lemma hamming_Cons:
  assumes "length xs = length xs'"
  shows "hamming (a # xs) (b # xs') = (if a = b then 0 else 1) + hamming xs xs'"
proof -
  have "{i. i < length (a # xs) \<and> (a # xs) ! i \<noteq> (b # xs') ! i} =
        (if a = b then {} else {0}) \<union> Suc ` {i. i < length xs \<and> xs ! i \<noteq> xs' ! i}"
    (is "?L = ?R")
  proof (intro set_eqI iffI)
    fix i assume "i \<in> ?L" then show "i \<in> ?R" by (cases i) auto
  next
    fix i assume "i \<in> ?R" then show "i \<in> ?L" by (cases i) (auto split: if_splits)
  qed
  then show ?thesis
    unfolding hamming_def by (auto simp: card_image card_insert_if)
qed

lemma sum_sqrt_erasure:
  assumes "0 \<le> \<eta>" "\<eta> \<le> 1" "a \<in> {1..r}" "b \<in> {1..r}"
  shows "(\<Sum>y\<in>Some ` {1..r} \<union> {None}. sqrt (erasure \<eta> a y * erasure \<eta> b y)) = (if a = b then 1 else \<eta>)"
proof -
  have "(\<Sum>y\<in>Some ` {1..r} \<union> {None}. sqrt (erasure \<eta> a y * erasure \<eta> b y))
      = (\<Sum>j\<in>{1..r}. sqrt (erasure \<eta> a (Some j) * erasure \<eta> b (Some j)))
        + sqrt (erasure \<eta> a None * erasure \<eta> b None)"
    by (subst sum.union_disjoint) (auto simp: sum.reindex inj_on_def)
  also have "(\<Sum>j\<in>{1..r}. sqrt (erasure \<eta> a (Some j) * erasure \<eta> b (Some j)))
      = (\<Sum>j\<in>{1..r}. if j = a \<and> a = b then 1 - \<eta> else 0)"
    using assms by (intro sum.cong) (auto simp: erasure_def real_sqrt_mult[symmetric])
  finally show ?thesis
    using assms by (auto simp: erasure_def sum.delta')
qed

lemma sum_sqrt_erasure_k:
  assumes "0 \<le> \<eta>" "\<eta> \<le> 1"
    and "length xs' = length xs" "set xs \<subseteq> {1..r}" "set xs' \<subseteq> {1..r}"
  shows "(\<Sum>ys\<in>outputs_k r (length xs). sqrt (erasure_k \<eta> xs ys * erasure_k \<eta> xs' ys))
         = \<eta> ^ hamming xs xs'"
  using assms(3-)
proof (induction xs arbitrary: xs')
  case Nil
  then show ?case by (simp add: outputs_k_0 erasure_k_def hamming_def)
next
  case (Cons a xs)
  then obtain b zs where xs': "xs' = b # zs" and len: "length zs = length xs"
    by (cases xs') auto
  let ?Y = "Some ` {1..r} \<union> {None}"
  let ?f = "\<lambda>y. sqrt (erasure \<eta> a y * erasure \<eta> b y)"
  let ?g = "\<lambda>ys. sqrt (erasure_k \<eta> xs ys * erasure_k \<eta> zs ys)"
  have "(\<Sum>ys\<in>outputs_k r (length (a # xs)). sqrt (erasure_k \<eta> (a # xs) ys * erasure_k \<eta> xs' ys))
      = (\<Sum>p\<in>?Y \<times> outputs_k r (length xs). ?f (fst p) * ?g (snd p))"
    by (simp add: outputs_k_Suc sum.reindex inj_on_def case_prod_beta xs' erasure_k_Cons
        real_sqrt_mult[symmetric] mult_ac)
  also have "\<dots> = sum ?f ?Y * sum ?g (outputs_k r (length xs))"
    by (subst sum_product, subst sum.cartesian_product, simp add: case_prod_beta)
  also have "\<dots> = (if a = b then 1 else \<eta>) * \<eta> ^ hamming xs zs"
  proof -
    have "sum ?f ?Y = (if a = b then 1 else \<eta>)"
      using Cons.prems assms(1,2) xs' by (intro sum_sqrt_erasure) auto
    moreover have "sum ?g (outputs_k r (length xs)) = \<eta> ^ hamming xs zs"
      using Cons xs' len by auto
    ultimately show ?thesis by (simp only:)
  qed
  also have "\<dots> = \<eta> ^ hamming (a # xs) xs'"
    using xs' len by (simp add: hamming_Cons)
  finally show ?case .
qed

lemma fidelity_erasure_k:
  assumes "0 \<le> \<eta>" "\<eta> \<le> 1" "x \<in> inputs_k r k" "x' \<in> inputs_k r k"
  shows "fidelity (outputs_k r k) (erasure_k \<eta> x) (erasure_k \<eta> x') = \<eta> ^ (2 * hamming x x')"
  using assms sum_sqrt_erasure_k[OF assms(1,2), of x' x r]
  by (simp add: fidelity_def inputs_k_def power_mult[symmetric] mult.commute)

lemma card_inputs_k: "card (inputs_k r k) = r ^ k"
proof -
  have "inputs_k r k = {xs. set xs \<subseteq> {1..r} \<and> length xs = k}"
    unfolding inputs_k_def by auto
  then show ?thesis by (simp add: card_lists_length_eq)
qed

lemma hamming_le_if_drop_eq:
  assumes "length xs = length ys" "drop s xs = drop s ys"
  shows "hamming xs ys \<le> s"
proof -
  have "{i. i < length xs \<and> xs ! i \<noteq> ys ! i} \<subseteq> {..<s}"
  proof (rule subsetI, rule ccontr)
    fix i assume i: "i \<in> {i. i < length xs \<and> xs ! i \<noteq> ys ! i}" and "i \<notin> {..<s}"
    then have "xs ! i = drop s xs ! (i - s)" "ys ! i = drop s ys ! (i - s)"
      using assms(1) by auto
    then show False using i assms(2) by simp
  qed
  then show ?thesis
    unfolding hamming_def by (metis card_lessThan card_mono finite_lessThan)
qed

- - - -

* Your task *
Go through the preceding material and copy each line that has the word "dots".

* Response box *
  also have "\<dots> = sum ?f ?Y * sum ?g (outputs_k r (length xs))"
  also have "\<dots> = (if a = b then 1 else \<eta>) * \<eta> ^ hamming xs zs"
  also have "\<dots> = \<eta> ^ hamming (a # xs) xs'"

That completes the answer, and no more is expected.